Research findings provide insights into risks associated with isolated mild hyperglycemia

Published on January 15, 2014 at 8:26 AM · No Comments

Despite having mild hyperglycemia for approximately 50 years, patients with a mutation in the gene encoding the enzyme glucokinase had a low prevalence of clinically significant vascular complications, findings that provide insights into the risks associated with isolated mild hyperglycemia, according to a study in the January 15 issue of JAMA.

"In both type 1 and type 2 diabetes, hyperglycemia [abnormally high blood sugar] is associated with microvascular complications over time. Intensive treatment to lower blood glucose levels reduces the development of microvascular complications," according to background information in the article. Certain patients with glucokinase (GCK) mutations have mild fasting hyperglycemia from birth, resulting in an elevated glycated hemoglobin (HbA1c) level that mimics recommended levels for type 1 and type 2 diabetes.
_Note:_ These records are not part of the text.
(* Let $(G,\precsim)$ be a compatible quasi-ordered abelian group and let $H$ be a subgroup of $G$ which is convex with respect to $\precsim$. Then either $H\subseteq G^o$ or $G^o\subseteq H$; and if $G^o\subseteq H$, then $H$ is an initial segment of $G$.
   Context: A compatible quasi-ordered abelian group is an abelian group $G$ with a total quasi-order $\precsim$ (reflexive, transitive, any two elements comparable) such that, writing $a\sim b$ for $a\precsim b\wedge b\precsim a$: $(Q_1)$ $x\sim0\Rightarrow x=0$; $(Q_2)$ $x\precsim y\wedge y\not\sim z\Rightarrow x+z\precsim y+z$, for all $x,y,z$. With $cl(g)$ the $\sim$-class of $g$, $g$ is o-type if $cl(g)=\{g\}$ and $g$ is not of order $2$; $G^o$ is the set of o-type elements. $S$ is convex if $s,t\in S$, $s\precsim a\precsim t$ imply $a\in S$; $S$ is an initial segment if $s\in S$, $a\precsim s$ imply $a\in S$. *)

theory Defs
  imports Main
begin

definition qequiv :: "('a \<Rightarrow> 'a \<Rightarrow> bool) \<Rightarrow> 'a \<Rightarrow> 'a \<Rightarrow> bool" where
  "qequiv le a b \<longleftrightarrow> le a b \<and> le b a"

definition compatible_qo_group :: "('a::ab_group_add \<Rightarrow> 'a \<Rightarrow> bool) \<Rightarrow> bool" where
  "compatible_qo_group le \<longleftrightarrow>
     (\<forall>x. le x x) \<and>
     (\<forall>x y z. le x y \<longrightarrow> le y z \<longrightarrow> le x z) \<and>
     (\<forall>x y. le x y \<or> le y x) \<and>
     (\<forall>x. qequiv le x 0 \<longrightarrow> x = 0) \<and>
     (\<forall>x y z. le x y \<and> \<not> qequiv le y z \<longrightarrow> le (x + z) (y + z))"

definition qclass :: "('a \<Rightarrow> 'a \<Rightarrow> bool) \<Rightarrow> 'a \<Rightarrow> 'a set" where
  "qclass le g = {a. qequiv le a g}"

definition has_order_two :: "'a::ab_group_add \<Rightarrow> bool" where
  "has_order_two g \<longleftrightarrow> g \<noteq> 0 \<and> g + g = 0"

definition o_type :: "('a::ab_group_add \<Rightarrow> 'a \<Rightarrow> bool) \<Rightarrow> 'a \<Rightarrow> bool" where
  "o_type le g \<longleftrightarrow> qclass le g = {g} \<and> \<not> has_order_two g"

definition o_part :: "('a::ab_group_add \<Rightarrow> 'a \<Rightarrow> bool) \<Rightarrow> 'a set" where
  "o_part le = {g. o_type le g}"

definition is_subgroup :: "'a::ab_group_add set \<Rightarrow> bool" where
  "is_subgroup H \<longleftrightarrow> 0 \<in> H \<and> (\<forall>x\<in>H. \<forall>y\<in>H. x + y \<in> H) \<and> (\<forall>x\<in>H. - x \<in> H)"

definition qconvex :: "('a \<Rightarrow> 'a \<Rightarrow> bool) \<Rightarrow> 'a set \<Rightarrow> bool" where
  "qconvex le S \<longleftrightarrow> (\<forall>s\<in>S. \<forall>t\<in>S. \<forall>a. le s a \<and> le a t \<longrightarrow> a \<in> S)"

definition initial_segment :: "('a \<Rightarrow> 'a \<Rightarrow> bool) \<Rightarrow> 'a set \<Rightarrow> bool" where
  "initial_segment le S \<longleftrightarrow> (\<forall>s\<in>S. \<forall>a. le a s \<longrightarrow> a \<in> S)"

end

theory Submission
  imports Defs
begin

text \<open>Non-o-type elements are nonnegative, and every o-type element lies strictly
  below every non-o-type one: if \<open>0 \<precsim> g \<precsim> h\<close> with \<open>g \<sim> -g\<close> and \<open>h\<close> of o-type, then
  translating by \<open>h\<close> squeezes \<open>g + h\<close> into the singleton class of \<open>h\<close>, forcing \<open>g = 0\<close>.
  Hence a convex subgroup containing a non-o-type element contains the whole interval
  from \<open>0\<close> to it, in particular all nonnegative o-type elements and, by symmetry, all
  o-type elements; and once it contains all o-type elements, everything below any of its
  members is either of o-type or lies between \<open>0\<close> and that member.\<close>

locale cqo_group =
  fixes le :: "'a::ab_group_add \<Rightarrow> 'a \<Rightarrow> bool" (infix "\<precsim>" 50)
  assumes compatible: "compatible_qo_group le"
begin

abbreviation qeq :: "'a \<Rightarrow> 'a \<Rightarrow> bool" (infix "\<sim>" 50) where
  "x \<sim> y \<equiv> qequiv le x y"

lemma refl: "x \<precsim> x"
  and trans: "x \<precsim> y \<Longrightarrow> y \<precsim> z \<Longrightarrow> x \<precsim> z"
  and total: "x \<precsim> y \<or> y \<precsim> x"
  and qeq_zero: "x \<sim> 0 \<Longrightarrow> x = 0"
  and add_right_mono: "x \<precsim> y \<Longrightarrow> \<not> y \<sim> z \<Longrightarrow> x + z \<precsim> y + z"
  using compatible unfolding compatible_qo_group_def by blast+

lemma qeq_sym: "x \<sim> y \<Longrightarrow> y \<sim> x"
  by (simp add: qequiv_def)

lemma nonneg_or_uminus_nonneg: "0 \<precsim> g \<or> 0 \<precsim> - g"
proof (cases "0 \<precsim> g")
  case False
  then have "g \<precsim> 0" using total by blast
  moreover have "\<not> 0 \<sim> - g"
    using False qeq_zero qeq_sym refl by fastforce
  ultimately have "g + - g \<precsim> 0 + - g" by (rule add_right_mono)
  then show ?thesis by simp
qed simp

lemma o_type_iff: "o_type le g \<longleftrightarrow> g = 0 \<or> \<not> g \<sim> - g"
proof
  assume o: "o_type le g"
  show "g = 0 \<or> \<not> g \<sim> - g"
  proof (rule ccontr)
    assume "\<not> (g = 0 \<or> \<not> g \<sim> - g)"
    then have "g \<noteq> 0" "- g \<in> qclass le g" by (auto simp: qclass_def qeq_sym)
    with o have "- g = g" by (auto simp: o_type_def)
    then have "g + g = 0" by (metis add.right_inverse)
    with o \<open>g \<noteq> 0\<close> show False by (simp add: o_type_def has_order_two_def)
  qed
next
  assume g: "g = 0 \<or> \<not> g \<sim> - g"
  have "a = g" if "a \<sim> g" for a
  proof (cases "g = 0")
    case True
    then show ?thesis using that qeq_zero by simp
  next
    case False
    with g have "\<not> g \<sim> - g" by simp
    moreover from that have "\<not> a \<sim> - g"
      using calculation trans unfolding qequiv_def by blast
    ultimately have "a + - g \<precsim> g + - g" "g + - g \<precsim> a + - g"
      using that add_right_mono unfolding qequiv_def by blast+
    then have "a - g \<sim> 0" by (simp add: qequiv_def)
    then have "a - g = 0" by (rule qeq_zero)
    then show ?thesis by simp
  qed
  then have "qclass le g = {g}" using refl by (auto simp: qclass_def qequiv_def)
  moreover have "\<not> has_order_two g"
    using g refl by (auto simp: has_order_two_def qequiv_def add_eq_0_iff)
  ultimately show "o_type le g" by (simp add: o_type_def)
qed

lemma o_type_uminus: "o_type le g \<Longrightarrow> o_type le (- g)"
  by (auto simp: o_type_iff qeq_sym)

lemma qeq_o_type_eq: "o_type le h \<Longrightarrow> g \<sim> h \<Longrightarrow> g = h"
  by (auto simp: o_type_def qclass_def)

lemma nonneg_if_not_o_type:
  assumes "\<not> o_type le g"
  shows "0 \<precsim> g"
proof -
  from assms have "g \<sim> - g" by (simp add: o_type_iff)
  then show ?thesis
    using nonneg_or_uminus_nonneg trans unfolding qequiv_def by blast
qed

lemma o_type_less_not_o_type:
  assumes h: "o_type le h" and g: "\<not> o_type le g"
  shows "\<not> g \<precsim> h"
proof
  assume gh: "g \<precsim> h"
  have "g \<noteq> 0" and g_neg: "g \<sim> - g" using g by (auto simp: o_type_iff)
  have g_h: "\<not> g \<sim> h" using qeq_o_type_eq h g by blast
  have "\<not> - g \<sim> h"
    using g_neg g_h trans unfolding qequiv_def by blast
  from add_right_mono[OF nonneg_if_not_o_type[OF g] g_h]
  have h_gh: "h \<precsim> g + h" by simp
  have "g + h \<precsim> - g + h"
    using add_right_mono g_neg \<open>\<not> - g \<sim> h\<close> unfolding qequiv_def by blast
  moreover have "\<not> g + h \<sim> - g"
    using h_gh gh g_h g_neg trans unfolding qequiv_def by blast
  with add_right_mono[OF h_gh, of "- g"] have "- g + h \<precsim> h"
    by (simp add: algebra_simps)
  ultimately have "g + h \<sim> h" using h_gh trans unfolding qequiv_def by blast
  with h have "g + h = h" by (rule qeq_o_type_eq)
  with \<open>g \<noteq> 0\<close> show False by simp
qed

lemma o_part_subset_if_not_o_type_mem:
  assumes H: "is_subgroup H" "qconvex le H"
    and h: "h \<in> H" "\<not> o_type le h"
  shows "o_part le \<subseteq> H"
proof
  fix g assume "g \<in> o_part le"
  then have g: "o_type le g" by (simp add: o_part_def)
  have "x \<in> H" if "o_type le x" "0 \<precsim> x" for x
  proof -
    have "x \<precsim> h" using o_type_less_not_o_type[OF that(1) h(2)] total by blast
    with H h that show ?thesis unfolding is_subgroup_def qconvex_def by blast
  qed
  with g o_type_uminus nonneg_or_uminus_nonneg H(1) show "g \<in> H"
    unfolding is_subgroup_def by (metis minus_minus)
qed

lemma initial_segment_if_o_part_subset:
  assumes H: "is_subgroup H" "qconvex le H" and o: "o_part le \<subseteq> H"
  shows "initial_segment le H"
  unfolding initial_segment_def
proof (intro ballI allI impI)
  fix s a assume "s \<in> H" "a \<precsim> s"
  show "a \<in> H"
  proof (cases "o_type le a")
    case True
    with o show ?thesis by (auto simp: o_part_def)
  next
    case False
    then have "0 \<precsim> a" by (rule nonneg_if_not_o_type)
    with H \<open>s \<in> H\<close> \<open>a \<precsim> s\<close> show ?thesis
      unfolding is_subgroup_def qconvex_def by blast
  qed
qed

end

theorem mainTheorem8:
  fixes le :: "'a::ab_group_add \<Rightarrow> 'a \<Rightarrow> bool" and H :: "'a set"
  assumes "compatible_qo_group le"
    and "is_subgroup H"
    and "qconvex le H"
  shows "(H \<subseteq> o_part le \<or> o_part le \<subseteq> H) \<and>
         (o_part le \<subseteq> H \<longrightarrow> initial_segment le H)"
proof -
  interpret cqo_group le by (rule cqo_group.intro) fact
  have "H \<subseteq> o_part le \<or> o_part le \<subseteq> H"
    using o_part_subset_if_not_o_type_mem[OF assms(2,3)] by (auto simp: o_part_def)
  moreover have "o_part le \<subseteq> H \<longrightarrow> initial_segment le H"
    using initial_segment_if_o_part_subset[OF assms(2,3)] by blast
  ultimately show ?thesis ..
qed

end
Anna M. Steele, Ph.D., of the University of Exeter, United Kingdom, and colleagues assessed the prevalence and severity of microvascular and macrovascular complications in patients with GCK mutations to provide additional information about the relationship between current glycemic targets and diabetes-related complications. The study, conducted in the United Kingdom between August 2008 and December 2010, included 99 GCK mutation carriers (median [midpoint] age, 49 years), 91 nondiabetic, nonmutation carrier relatives (control) (median age, 52 years), and 83 individuals with young-onset type 2 diabetes (YT2D), diagnosed at age 45 years or younger (median age, 55 years). Median HbA1c was 6.9 percent in patients with the GCK mutation, 5.8 percent in controls, and 7.8 percent in patients with YT2D.

The prevalence of clinically significant microvascular complications (such as retinopathy, nephropathy, and neuropathy) was low in patients with a GCK mutation (1 percent) and the control group (2 percent). In contrast, 36 percent of the YT2D group had evidence of clinically significant microvascular disease. Thirty percent of patients with GCK had retinopathy compared with 14 percent of controls and 63 percent of patients with YT2D.